Wild-type (WT) BALB/c, CD40-deficient BALB/c, ovalbumin (OVA)–specific MHC class II–restricted TCR-transgenic (OT-II) CD45.1 C57BL6, and CD40 knockout (KO) CD45.2 C57BL6 mice were purchased from National Cancer Institute and The Jackson Laboratory. Influenza hemagglutinin (HA)–specific MHC class II–restricted CD4 TCR-transgenic mice (in BALB/c background, Thy-1.2) were a gift from Dr. C. Bona (Mount Sinai School of Medicine, New York, NY). Congenic Thy-1.1+ BALB/c mice were a gift from Dr. R. Dutton (Trudeau Institute). MaFIA (c-fms–specific Fas-induced apoptosis) mice (26) were obtained Dr. D.A. Cohen (University of Kentucky College of Medicine, Lexington, KY). MaFIA transgenic mice express a bicistronic transcript containing c-fms (M-CSF receptor, CD115)–specific promoter-driven EGFP and the ΔLNGFR-FKBP-Fas suicide gene. CD115-specific depletion is induced by treatment of AP20187 to induce dimerization of FKBP-Fas. All animal experiments were performed in accordance with the guidelines of Mount Sinai School of Medicine.
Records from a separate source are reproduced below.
definition deg_less :: "('n \<Rightarrow> real) \<Rightarrow> real \<Rightarrow> ('n, 'a::zero) mpoly \<Rightarrow> bool" where
  "deg_less w c P \<longleftrightarrow> (\<forall>m\<in>keys P. mdeg w m < c)"

definition homogeneous :: "('n \<Rightarrow> real) \<Rightarrow> real \<Rightarrow> ('n, 'a::zero) mpoly \<Rightarrow> bool" where
  "homogeneous w c P \<longleftrightarrow> (\<forall>m\<in>keys P. mdeg w m = c)"

lemmas deg_bound_defs = deg_le_def deg_less_def homogeneous_def

lemma deg_bounds_zero [simp]: "deg_le w c 0" "deg_less w c 0" "homogeneous w c 0"
  by (auto simp: deg_bound_defs)

lemma deg_less_add:
  "deg_less w c P \<Longrightarrow> deg_less w c Q \<Longrightarrow> deg_less w c (P + Q :: ('n, 'a::comm_monoid_add) mpoly)"
  using keys_add[of P Q] by (auto simp: deg_less_def)

lemma deg_less_diff:
  "deg_less w c P \<Longrightarrow> deg_less w c Q \<Longrightarrow> deg_less w c (P - Q :: ('n, 'a::ab_group_add) mpoly)"
  using keys_diff[of P Q] by (auto simp: deg_less_def)

lemma deg_bounds_sum:
  fixes P :: "'b \<Rightarrow> ('n, 'a::comm_monoid_add) mpoly"
  shows "(\<And>x. x \<in> A \<Longrightarrow> deg_le w c (P x)) \<Longrightarrow> deg_le w c (sum P A)"
    "(\<And>x. x \<in> A \<Longrightarrow> deg_less w c (P x)) \<Longrightarrow> deg_less w c (sum P A)"
    "(\<And>x. x \<in> A \<Longrightarrow> homogeneous w c (P x)) \<Longrightarrow> homogeneous w c (sum P A)"
  using keys_sum[of P A] by (auto simp: deg_bound_defs)

lemma deg_bounds_mono:
  "deg_le w a P \<Longrightarrow> a \<le> b \<Longrightarrow> deg_le w b P"
  "deg_le w a P \<Longrightarrow> a < b \<Longrightarrow> deg_less w b P"
  "deg_less w a P \<Longrightarrow> a \<le> b \<Longrightarrow> deg_less w b P"
  "homogeneous w a P \<Longrightarrow> deg_le w a P"
  "deg_less w a P \<Longrightarrow> deg_le w a P"
  by (auto simp: deg_bound_defs)

lemma deg_less_homogeneous_eq_0: "deg_less w c P \<Longrightarrow> homogeneous w c P \<Longrightarrow> P = 0"
  by (auto simp: deg_bound_defs simp flip: keys_eq_empty)
(* For all integers $q,k\ge2$ and every $\alpha\in(0,1/k)$ there exists a constant $C>0$ such that the following holds for all sufficiently large $n$. Let $M$ be any $k$-hypermatching on $[n]$ of size $m\le\alpha n$, let $0<b\le s\le n/32$ be integers, and let $B\subseteq\mathbb{Z}_q^n$. If (i) there exists a sequence of centers $\mathbf{c}$ for $M$ such that $B$ is $(M,\mathbf{c})$-restricted, and (ii) $|B|\ge q^{n-b}$, then $B$ is $(M,C,s)$-reduced.
   Context: Fourier coefficients: for $f:\mathbb{Z}_q^n\to\mathbb{C}$, $\widehat f(\mathbf{u})=q^{-n}\sum_{\mathbf{a}}f(\mathbf{a})\omega^{-\mathbf{u}^\top\mathbf{a}}$, $\omega=e^{2\pi i/q}$; $\|\mathbf{u}\|_0$ is the number of nonzero coordinates; $\mathbf{1}_B$ is the indicator of $B$. A $k$-hypermatching $M$ of size $m$ on $[n]$ is a list of pairwise disjoint ordered $k$-tuples $e_i$ of distinct elements of $[n]$, with indicator vectors $\mathbf{e}_i\in\mathbb{Z}_q^n$. Centers $\mathbf{c}=(c_1,\dots,c_m)$ with $c_i\in e_i$; listing $e_i$ as $((e_i)_1,\dots,(e_i)_{k-1},c_i)$, the folded encoding $A_{\mathbf{c}}\in\mathbb{Z}_q^{(k-1)m\times n}$ has row $(k-1)(i-1)+\ell$ ($\ell\in[k-1]$) with $1$ in column $(e_i)_\ell$, $-1$ in column $c_i$, $0$ elsewhere. $B$ is $(M,\mathbf{c})$-restricted if $B=\{\mathbf{x}:A_{\mathbf{c}}\mathbf{x}\in B_r\}$ for some $B_r\subseteq\mathbb{Z}_q^{(k-1)m}$. For $C>0$, $0\le s\le n$: $U_{C,s}(0)=1$, $U_{C,s}(h)=(C\sqrt{sn}/h)^{h/2}$ for $1\le h\le s$, $U_{C,s}(h)=(2q^2e^2n/h)^{h/2}$ for $h>s$. $B$ is $(M,C,s)$-reduced if: (1) $\widehat{\mathbf{1}_B}(\mathbf{u})=0$ whenever some $j$ with $u_j\neq0$ is not covered by $M$; (2) $\widehat{\mathbf{1}_B}(\mathbf{u})=0$ whenever $\langle\mathbf{u},\mathbf{e}_i\rangle\not\equiv0\pmod q$ for some edge $e_i$; (3) for every $h\in\{1,\dots,s\}$ and every $\mathbf{v}\in\mathbb{Z}_q^n$, $\sum_{\mathbf{u}:\|\mathbf{u}+\mathbf{v}\|_0=h}\frac{q^n}{|B|}|\widehat{\mathbf{1}_B}(\mathbf{u})|\le U_{C,s}(h)$. *)

theory Defs
  imports "HOL-Analysis.Analysis"
begin

text \<open>Elements of Z_q^n are functions nat => nat with values in {0..<q} on
  the index set {0..<n} (0-based version of [n]) and value 0 outside.\<close>
definition vecs :: "nat \<Rightarrow> nat \<Rightarrow> (nat \<Rightarrow> nat) set" where
  "vecs q n = {x. (\<forall>i<n. x i < q) \<and> (\<forall>i. n \<le> i \<longrightarrow> x i = 0)}"

definition vadd :: "nat \<Rightarrow> (nat \<Rightarrow> nat) \<Rightarrow> (nat \<Rightarrow> nat) \<Rightarrow> (nat \<Rightarrow> nat)" where
  "vadd q u v = (\<lambda>i. (u i + v i) mod q)"

definition hweight :: "nat \<Rightarrow> (nat \<Rightarrow> nat) \<Rightarrow> nat" where
  "hweight n u = card {i. i < n \<and> u i \<noteq> 0}"

definition fourier :: "nat \<Rightarrow> nat \<Rightarrow> ((nat \<Rightarrow> nat) \<Rightarrow> complex) \<Rightarrow> (nat \<Rightarrow> nat) \<Rightarrow> complex" where
  "fourier q n f u = (1 / of_nat (q ^ n)) *
     (\<Sum>a\<in>vecs q n. f a * cis (- 2 * pi * real (\<Sum>j<n. u j * a j) / real q))"

definition indic_set :: "(nat \<Rightarrow> nat) set \<Rightarrow> (nat \<Rightarrow> nat) \<Rightarrow> complex" where
  "indic_set B a = (if a \<in> B then 1 else 0)"

definition hypermatching :: "nat \<Rightarrow> nat \<Rightarrow> nat list list \<Rightarrow> bool" where
  "hypermatching k n M \<longleftrightarrow>
     (\<forall>e\<in>set M. length e = k \<and> distinct e \<and> set e \<subseteq> {..<n}) \<and>
     (\<forall>i<length M. \<forall>i'<length M. i \<noteq> i' \<longrightarrow> set (M ! i) \<inter> set (M ! i') = {})"

definition centers :: "nat list list \<Rightarrow> nat list \<Rightarrow> bool" where
  "centers M c \<longleftrightarrow> length c = length M \<and> (\<forall>i<length M. c ! i \<in> set (M ! i))"

text \<open>Folded encoding A_c, a (k-1)m x n integer matrix (0-based rows and columns).
  Row (k-1)i + l has 1 in column (e_i)_l (the l-th non-center element of e_i,
  in the order of e_i) and -1 in column c_i.\<close>
definition fold_mat :: "nat \<Rightarrow> nat list list \<Rightarrow> nat list \<Rightarrow> nat \<Rightarrow> nat \<Rightarrow> int" where
  "fold_mat k M c r j =
     (if r < (k - 1) * length M then
        (let i = r div (k - 1); l = r mod (k - 1);
             others = filter (\<lambda>x. x \<noteq> c ! i) (M ! i)
         in (if j = others ! l then 1 else 0) - (if j = c ! i then 1 else 0))
      else 0)"

definition matvec :: "nat \<Rightarrow> nat \<Rightarrow> nat \<Rightarrow> (nat \<Rightarrow> nat \<Rightarrow> int) \<Rightarrow> (nat \<Rightarrow> nat) \<Rightarrow> (nat \<Rightarrow> nat)" where
  "matvec q R n A x = (\<lambda>r. if r < R then nat ((\<Sum>j<n. A r j * int (x j)) mod int q) else 0)"

definition restricted :: "nat \<Rightarrow> nat \<Rightarrow> nat \<Rightarrow> nat list list \<Rightarrow> nat list \<Rightarrow> (nat \<Rightarrow> nat) set \<Rightarrow> bool" where
  "restricted q k n M c B \<longleftrightarrow>
     (\<exists>Br \<subseteq> vecs q ((k - 1) * length M).
        B = {x \<in> vecs q n. matvec q ((k - 1) * length M) n (fold_mat k M c) x \<in> Br})"

definition Ubound :: "nat \<Rightarrow> real \<Rightarrow> nat \<Rightarrow> nat \<Rightarrow> nat \<Rightarrow> real" where
  "Ubound q C s n h =
     (if h = 0 then 1
      else if h \<le> s then (C * sqrt (real s * real n) / real h) powr (real h / 2)
      else (2 * real q ^ 2 * exp 1 ^ 2 * real n / real h) powr (real h / 2))"

definition covered :: "nat list list \<Rightarrow> nat \<Rightarrow> bool" where
  "covered M j \<longleftrightarrow> (\<exists>i<length M. j \<in> set (M ! i))"

definition reduced :: "nat \<Rightarrow> nat \<Rightarrow> nat list list \<Rightarrow> real \<Rightarrow> nat \<Rightarrow> (nat \<Rightarrow> nat) set \<Rightarrow> bool" where
  "reduced q n M C s B \<longleftrightarrow>
     (\<forall>u\<in>vecs q n. (\<exists>j<n. u j \<noteq> 0 \<and> \<not> covered M j) \<longrightarrow> fourier q n (indic_set B) u = 0) \<and>
     (\<forall>u\<in>vecs q n. (\<exists>i<length M. (\<Sum>j\<in>set (M ! i). u j) mod q \<noteq> 0)
                     \<longrightarrow> fourier q n (indic_set B) u = 0) \<and>
     (\<forall>h\<in>{1..s}. \<forall>v\<in>vecs q n.
        (\<Sum>u\<in>{u\<in>vecs q n. hweight n (vadd q u v) = h}.
            real (q ^ n) / real (card B) * cmod (fourier q n (indic_set B) u))
        \<le> Ubound q C s n h)"

end

(*
  Every vector constant on the edges of M lies in the kernel of the folded encoding, so B is
  invariant under adding it. Translating by the indicator of an uncovered point, or of an
  edge, multiplies the Fourier coefficient at u by a q-th root of unity that is nontrivial
  exactly when u violates (1), resp. (2); such coefficients therefore vanish.

  For (3) we use the moment method. Weighting the level-h coefficients around v by their
  phases writes their l1-mass L as the average over B of a trigonometric polynomial P; by
  convexity and orthogonality L^(2r) <= q^n/|B| times the number of 2r-tuples of admissible
  frequencies whose alternating sum is zero. For such a frequency u the support of u + v has
  h coordinates; every edge is either charged (its v-sum is nonzero) and then met at least
  once, or met at least twice or not at all, and in a zero-sum tuple every neutral edge is
  met by two members. This gives a binomial count, and choosing r h close to b together with
  |B| >= q^(n-b) yields L <= (C sqrt(s n) / h)^(h/2) with C = 64 q^(2k+1).
*)

theory Submission
  imports Defs
begin
(* Let $q \ge 2$ be an integer and let $l$ be a positive integer, with $l \ge 1$ when $n$ is odd and $l \ge 2$ when $n$ is even. Then AME states of defect $l$ in $(\mathbb{C}^q)^{\otimes n}$ do not exist if $$\frac{(m+l)!}{(m+1)!} > \frac{q^{2l}-1}{q^2-1}\cdot\frac{(2l-1)!}{l!} \quad \text{when } n = 2m,$$ and if $$\frac{(m+l+1)!}{(m+1)!} > \frac{q^{2l+1}-1}{q-1}\cdot\frac{(2l)!}{l!} \quad \text{when } n = 2m+1.$$
   Context: A pure state $|\psi\rangle \in (\mathbb{C}^q)^{\otimes n}$ is called $k$-uniform if, with $\rho = |\psi\rangle\langle\psi|$, for every subset $S \subseteq \{1,\dots,n\}$ with $|S| = k$ the reduced state of $\rho$ on the parties in $S$ equals $I/q^k$, where $I$ is the identity on $(\mathbb{C}^q)^{\otimes k}$. For an integer $l \ge 0$, an AME state of defect $l$ in $(\mathbb{C}^q)^{\otimes n}$ is a $(\lfloor n/2\rfloor - l)$-uniform state in $(\mathbb{C}^q)^{\otimes n}$. *)

theory Defs
  imports "HOL-Analysis.Analysis"
begin

text \<open>A vector in (C^q)^{\<otimes>n} is represented by its coordinates in the computational
  basis: a function psi from basis labels (tuples i_0..i_{n-1}, with i_j < q, encoded as
  extensional functions on {..<n}) to complex numbers.\<close>

definition configs :: "nat set \<Rightarrow> nat \<Rightarrow> (nat \<Rightarrow> nat) set" where
  "configs S q = PiE S (\<lambda>_. {..<q})"

definition reduced_state ::
  "nat \<Rightarrow> nat \<Rightarrow> ((nat \<Rightarrow> nat) \<Rightarrow> complex) \<Rightarrow> nat set \<Rightarrow> (nat \<Rightarrow> nat) \<Rightarrow> (nat \<Rightarrow> nat) \<Rightarrow> complex" where
  "reduced_state q n psi S a b =
     (\<Sum>c\<in>configs ({..<n} - S) q.
        psi (\<lambda>i. if i \<in> S then a i else c i) * cnj (psi (\<lambda>i. if i \<in> S then b i else c i)))"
The MCA26 tumor line is a BALB/c-derived, chemically induced colon carcinoma with low immunogenicity (25). The MCA26 colon tumor cell line that expresses influenza HA, HA-MCA26, was established (25). The OVA expressing OVA-B16 melanoma was established (27).
The construction of Adv.mIL-12 has been described previously (28). Metastatic colon cancer was induced as described previously (6). MCA26 tumor–bearing mice were given an i.p. injection of anti-CD40 or rat immunoglobulin on days 6 and 9 after tumor implantation. Nine days later, mice with tumors measuring 8 × 8 mm2 to 10 × 10 mm2 were injected with Adv/mIL-12 or control vector DL312, followed by two injections of anti-4-1BB (100 μg; or control rat immunoglobulin; Accurate Chemical & Scientific Co.) and anti-CD40 (50 μg; or rat immunoglobulin) antibodies on days 1, 3 and days 6, 9, respectively, after viral injection.
Anti-Thy1.2-FITC, anti-CD40-APC, anti-Gr-1-APC, biotinylated anti-I-A, anti-Ly-6C-PE, anti-CD115-PE, anti-CD25-APC, anti-FoxP3-PE, and isotype-matched monoclonal antibodies (mAb) were purchased from eBioscience. Flow cytometric analysis were performed using LSR-II and FACSDiVa software (BD Biosciences).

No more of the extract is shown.